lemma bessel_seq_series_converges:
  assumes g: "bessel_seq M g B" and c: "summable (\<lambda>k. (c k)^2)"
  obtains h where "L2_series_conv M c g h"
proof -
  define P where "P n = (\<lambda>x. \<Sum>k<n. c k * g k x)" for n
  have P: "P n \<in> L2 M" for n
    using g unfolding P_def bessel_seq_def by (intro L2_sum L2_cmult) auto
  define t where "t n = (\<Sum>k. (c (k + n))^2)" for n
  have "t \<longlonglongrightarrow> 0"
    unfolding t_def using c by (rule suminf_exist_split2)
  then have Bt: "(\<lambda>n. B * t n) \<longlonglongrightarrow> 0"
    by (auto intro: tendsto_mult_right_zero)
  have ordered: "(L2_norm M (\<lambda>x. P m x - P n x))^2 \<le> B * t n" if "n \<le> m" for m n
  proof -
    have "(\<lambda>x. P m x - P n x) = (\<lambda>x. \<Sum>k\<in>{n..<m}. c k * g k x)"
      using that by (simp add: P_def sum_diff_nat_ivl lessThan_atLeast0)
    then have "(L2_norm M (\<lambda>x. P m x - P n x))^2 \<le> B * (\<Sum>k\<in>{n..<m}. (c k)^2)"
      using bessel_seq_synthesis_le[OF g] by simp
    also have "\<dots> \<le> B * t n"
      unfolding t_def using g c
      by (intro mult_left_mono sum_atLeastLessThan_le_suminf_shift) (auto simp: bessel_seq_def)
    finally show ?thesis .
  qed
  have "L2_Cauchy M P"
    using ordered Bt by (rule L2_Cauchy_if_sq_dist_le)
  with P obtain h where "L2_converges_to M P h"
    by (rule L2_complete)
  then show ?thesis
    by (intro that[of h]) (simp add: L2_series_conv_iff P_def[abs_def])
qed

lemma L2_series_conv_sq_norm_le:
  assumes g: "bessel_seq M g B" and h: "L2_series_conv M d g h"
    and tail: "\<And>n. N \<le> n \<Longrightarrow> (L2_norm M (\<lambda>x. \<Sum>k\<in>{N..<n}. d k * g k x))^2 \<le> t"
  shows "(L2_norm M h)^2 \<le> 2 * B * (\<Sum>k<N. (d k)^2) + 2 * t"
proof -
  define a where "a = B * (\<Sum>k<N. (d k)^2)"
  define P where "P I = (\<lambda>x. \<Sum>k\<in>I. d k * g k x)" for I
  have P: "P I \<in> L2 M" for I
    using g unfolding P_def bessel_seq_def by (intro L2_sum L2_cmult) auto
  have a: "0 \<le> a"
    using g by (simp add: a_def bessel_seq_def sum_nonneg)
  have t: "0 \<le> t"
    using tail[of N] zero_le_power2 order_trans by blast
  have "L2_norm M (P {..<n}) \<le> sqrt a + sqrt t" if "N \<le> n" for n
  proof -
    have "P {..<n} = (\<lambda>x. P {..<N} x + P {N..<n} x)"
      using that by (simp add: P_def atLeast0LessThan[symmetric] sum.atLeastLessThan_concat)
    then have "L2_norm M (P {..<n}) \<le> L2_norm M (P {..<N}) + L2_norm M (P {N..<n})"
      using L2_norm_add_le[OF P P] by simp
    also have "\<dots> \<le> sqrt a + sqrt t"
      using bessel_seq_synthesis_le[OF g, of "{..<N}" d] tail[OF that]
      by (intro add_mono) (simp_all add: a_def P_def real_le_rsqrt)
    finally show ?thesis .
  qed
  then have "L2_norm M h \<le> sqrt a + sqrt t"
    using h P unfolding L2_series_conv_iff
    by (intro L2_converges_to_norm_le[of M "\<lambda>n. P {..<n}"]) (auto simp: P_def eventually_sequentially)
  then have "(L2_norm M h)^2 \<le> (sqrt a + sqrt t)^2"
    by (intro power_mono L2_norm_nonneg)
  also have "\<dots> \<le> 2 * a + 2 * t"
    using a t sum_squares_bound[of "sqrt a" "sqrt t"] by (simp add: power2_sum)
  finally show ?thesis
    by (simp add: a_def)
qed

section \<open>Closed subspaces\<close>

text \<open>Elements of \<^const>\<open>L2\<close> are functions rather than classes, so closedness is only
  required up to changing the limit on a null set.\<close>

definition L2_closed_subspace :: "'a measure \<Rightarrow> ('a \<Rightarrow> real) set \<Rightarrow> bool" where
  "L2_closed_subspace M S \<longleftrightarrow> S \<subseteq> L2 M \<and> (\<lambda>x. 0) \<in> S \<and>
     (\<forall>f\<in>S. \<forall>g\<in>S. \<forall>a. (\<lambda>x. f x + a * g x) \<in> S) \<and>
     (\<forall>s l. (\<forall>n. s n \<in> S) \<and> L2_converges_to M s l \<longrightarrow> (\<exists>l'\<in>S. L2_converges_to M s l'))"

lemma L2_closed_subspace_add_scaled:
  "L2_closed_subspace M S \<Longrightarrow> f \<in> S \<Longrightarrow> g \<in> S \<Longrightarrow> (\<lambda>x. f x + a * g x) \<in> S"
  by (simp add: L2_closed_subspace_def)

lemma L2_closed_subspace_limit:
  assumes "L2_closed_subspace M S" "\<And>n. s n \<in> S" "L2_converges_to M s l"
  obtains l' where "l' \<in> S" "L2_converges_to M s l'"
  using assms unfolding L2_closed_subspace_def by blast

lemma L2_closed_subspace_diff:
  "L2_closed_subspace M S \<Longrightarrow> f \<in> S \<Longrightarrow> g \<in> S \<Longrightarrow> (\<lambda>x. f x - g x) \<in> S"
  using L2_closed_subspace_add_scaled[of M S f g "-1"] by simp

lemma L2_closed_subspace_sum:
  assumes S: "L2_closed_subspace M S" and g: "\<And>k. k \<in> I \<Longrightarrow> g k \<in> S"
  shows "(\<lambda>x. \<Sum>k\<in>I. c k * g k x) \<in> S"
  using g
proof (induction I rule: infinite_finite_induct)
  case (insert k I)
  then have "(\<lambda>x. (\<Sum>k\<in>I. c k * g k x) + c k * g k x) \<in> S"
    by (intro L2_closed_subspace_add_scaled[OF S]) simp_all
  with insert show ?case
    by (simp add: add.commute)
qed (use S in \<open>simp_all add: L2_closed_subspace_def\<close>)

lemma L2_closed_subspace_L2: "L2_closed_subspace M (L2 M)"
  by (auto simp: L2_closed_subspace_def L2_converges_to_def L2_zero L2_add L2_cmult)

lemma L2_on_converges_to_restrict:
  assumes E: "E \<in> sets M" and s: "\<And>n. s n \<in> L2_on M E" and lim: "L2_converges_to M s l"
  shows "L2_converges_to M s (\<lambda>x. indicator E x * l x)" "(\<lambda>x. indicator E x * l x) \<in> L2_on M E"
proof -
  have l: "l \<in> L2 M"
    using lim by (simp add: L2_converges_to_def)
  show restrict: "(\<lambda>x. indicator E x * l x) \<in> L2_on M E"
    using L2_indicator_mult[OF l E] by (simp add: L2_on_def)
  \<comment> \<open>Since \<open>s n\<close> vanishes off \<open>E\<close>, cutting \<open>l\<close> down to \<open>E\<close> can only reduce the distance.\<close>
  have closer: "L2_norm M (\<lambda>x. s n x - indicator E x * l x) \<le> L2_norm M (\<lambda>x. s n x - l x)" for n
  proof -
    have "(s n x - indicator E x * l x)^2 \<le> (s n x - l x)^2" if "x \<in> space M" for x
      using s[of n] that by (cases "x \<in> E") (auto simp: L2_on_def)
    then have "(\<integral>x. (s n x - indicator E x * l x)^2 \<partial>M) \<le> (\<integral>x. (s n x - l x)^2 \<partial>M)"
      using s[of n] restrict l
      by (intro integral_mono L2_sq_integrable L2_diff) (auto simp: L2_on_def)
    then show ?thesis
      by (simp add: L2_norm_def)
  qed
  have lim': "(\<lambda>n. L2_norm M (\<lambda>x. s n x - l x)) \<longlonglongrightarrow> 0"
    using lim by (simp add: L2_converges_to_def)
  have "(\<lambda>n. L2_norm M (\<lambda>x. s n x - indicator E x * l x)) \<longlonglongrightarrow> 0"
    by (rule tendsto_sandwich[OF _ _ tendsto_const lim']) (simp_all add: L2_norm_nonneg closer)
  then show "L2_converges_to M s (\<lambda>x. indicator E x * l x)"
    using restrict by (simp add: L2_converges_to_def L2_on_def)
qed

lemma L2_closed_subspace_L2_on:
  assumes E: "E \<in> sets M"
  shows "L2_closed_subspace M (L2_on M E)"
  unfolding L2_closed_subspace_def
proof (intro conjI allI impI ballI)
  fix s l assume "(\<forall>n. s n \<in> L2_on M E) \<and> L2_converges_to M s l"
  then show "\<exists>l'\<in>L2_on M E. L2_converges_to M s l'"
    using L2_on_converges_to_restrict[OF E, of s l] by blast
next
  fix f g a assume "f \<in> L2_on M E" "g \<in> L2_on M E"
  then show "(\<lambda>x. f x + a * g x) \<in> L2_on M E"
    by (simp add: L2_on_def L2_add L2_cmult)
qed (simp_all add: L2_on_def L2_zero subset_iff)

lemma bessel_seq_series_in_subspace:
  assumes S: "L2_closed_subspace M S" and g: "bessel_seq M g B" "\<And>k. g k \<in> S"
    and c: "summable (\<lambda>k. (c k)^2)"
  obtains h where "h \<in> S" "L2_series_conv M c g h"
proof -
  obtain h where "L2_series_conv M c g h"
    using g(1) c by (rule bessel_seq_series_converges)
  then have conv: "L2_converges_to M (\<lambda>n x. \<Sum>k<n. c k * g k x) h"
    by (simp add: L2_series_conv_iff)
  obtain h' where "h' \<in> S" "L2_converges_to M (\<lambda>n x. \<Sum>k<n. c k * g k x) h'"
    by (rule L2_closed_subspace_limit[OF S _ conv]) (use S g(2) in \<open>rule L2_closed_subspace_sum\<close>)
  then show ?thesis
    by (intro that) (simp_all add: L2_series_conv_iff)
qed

★ ★ ★

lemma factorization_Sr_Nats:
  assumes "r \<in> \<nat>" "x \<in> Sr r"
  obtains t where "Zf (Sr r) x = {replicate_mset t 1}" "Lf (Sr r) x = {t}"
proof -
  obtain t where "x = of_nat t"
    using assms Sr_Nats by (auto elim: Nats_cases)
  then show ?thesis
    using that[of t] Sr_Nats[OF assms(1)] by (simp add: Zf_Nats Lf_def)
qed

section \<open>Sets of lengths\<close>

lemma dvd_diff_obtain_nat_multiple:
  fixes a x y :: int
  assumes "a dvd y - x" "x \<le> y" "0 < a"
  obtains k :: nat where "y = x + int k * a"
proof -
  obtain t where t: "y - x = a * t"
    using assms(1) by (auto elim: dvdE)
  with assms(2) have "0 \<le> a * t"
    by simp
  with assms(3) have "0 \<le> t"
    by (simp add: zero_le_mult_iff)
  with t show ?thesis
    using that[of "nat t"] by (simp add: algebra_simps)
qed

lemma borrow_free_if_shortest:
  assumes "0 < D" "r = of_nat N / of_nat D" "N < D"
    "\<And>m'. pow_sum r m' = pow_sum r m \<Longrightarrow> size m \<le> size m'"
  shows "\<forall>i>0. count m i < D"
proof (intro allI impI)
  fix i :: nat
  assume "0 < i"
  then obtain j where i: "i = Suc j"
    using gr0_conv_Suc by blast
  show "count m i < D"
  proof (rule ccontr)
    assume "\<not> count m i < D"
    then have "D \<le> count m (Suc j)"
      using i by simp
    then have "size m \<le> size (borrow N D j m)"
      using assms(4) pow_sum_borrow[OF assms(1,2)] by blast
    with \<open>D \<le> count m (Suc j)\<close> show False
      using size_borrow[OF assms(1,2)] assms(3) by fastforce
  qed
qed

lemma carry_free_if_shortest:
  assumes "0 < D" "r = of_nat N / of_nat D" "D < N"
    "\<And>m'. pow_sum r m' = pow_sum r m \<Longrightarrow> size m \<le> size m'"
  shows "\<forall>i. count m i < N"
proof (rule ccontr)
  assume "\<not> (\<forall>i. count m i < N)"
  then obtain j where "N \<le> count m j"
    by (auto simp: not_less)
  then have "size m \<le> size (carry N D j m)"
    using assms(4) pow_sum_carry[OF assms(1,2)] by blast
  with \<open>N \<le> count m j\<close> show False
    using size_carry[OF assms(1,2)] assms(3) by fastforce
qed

★ ★ ★

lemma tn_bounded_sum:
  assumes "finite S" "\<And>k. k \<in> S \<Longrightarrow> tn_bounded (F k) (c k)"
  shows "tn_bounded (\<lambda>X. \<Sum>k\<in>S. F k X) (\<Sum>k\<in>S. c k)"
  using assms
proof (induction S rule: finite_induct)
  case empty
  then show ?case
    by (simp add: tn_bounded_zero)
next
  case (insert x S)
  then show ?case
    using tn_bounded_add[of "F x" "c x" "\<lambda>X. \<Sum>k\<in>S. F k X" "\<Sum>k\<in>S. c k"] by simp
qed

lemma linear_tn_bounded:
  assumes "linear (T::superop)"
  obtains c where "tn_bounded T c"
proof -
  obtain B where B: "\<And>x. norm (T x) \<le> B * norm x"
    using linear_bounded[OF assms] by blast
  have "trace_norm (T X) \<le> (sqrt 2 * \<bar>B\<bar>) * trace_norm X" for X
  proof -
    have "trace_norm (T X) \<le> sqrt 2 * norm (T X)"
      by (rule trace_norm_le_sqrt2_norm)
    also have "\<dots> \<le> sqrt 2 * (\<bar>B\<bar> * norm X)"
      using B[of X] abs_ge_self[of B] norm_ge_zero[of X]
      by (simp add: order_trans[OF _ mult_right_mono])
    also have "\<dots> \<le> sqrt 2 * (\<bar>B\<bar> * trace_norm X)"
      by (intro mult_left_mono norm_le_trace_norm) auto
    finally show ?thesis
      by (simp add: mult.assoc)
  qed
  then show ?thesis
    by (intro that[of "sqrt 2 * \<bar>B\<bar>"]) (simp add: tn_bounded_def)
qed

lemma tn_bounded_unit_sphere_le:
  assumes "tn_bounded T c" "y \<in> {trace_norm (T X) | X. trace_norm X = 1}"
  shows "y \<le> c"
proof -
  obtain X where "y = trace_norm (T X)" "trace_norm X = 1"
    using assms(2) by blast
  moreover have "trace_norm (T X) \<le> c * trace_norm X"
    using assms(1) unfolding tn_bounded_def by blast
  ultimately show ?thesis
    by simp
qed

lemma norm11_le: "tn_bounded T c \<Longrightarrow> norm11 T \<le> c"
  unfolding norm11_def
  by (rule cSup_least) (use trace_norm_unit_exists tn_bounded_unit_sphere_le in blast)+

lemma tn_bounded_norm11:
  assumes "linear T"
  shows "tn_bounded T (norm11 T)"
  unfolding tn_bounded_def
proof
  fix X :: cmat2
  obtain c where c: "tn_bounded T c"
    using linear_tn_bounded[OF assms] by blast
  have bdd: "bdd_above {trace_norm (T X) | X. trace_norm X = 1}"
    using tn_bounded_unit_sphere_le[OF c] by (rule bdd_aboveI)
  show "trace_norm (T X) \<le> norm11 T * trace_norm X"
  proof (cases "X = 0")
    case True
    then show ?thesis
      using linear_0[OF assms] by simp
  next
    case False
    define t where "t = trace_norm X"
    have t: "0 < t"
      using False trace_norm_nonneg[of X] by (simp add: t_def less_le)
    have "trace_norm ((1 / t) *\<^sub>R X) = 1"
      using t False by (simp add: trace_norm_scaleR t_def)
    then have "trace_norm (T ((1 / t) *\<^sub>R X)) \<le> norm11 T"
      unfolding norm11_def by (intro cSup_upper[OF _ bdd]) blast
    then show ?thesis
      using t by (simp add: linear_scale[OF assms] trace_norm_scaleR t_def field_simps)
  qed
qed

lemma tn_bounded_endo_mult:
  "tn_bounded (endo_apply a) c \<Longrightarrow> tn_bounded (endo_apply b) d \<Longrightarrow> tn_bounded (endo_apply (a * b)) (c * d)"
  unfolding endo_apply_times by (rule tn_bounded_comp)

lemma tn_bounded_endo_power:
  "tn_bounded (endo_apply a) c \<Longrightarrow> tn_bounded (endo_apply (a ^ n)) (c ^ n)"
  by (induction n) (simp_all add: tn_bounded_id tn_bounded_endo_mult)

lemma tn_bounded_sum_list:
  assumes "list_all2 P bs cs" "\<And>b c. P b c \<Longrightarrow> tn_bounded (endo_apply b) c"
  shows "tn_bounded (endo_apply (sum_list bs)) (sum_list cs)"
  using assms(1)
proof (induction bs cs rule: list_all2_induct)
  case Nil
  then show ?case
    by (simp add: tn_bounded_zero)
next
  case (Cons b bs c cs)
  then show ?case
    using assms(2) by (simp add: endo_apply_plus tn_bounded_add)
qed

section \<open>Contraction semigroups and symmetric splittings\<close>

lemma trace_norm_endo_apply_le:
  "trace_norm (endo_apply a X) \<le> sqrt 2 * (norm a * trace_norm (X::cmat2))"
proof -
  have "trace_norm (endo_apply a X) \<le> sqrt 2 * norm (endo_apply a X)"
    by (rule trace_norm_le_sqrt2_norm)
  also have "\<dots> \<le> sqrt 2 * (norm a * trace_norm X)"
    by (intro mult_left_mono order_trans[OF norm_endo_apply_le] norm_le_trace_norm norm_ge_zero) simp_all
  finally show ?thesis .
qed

★ ★ ★

**Exercise prompt:**
For this listing, copy out every line that includes the word "symmetric".

**Response to the task:**
      using that by (simp add: P_def atLeast0LessThan[symmetric] sum.atLeastLessThan_concat)
section \<open>Contraction semigroups and symmetric splittings\<close>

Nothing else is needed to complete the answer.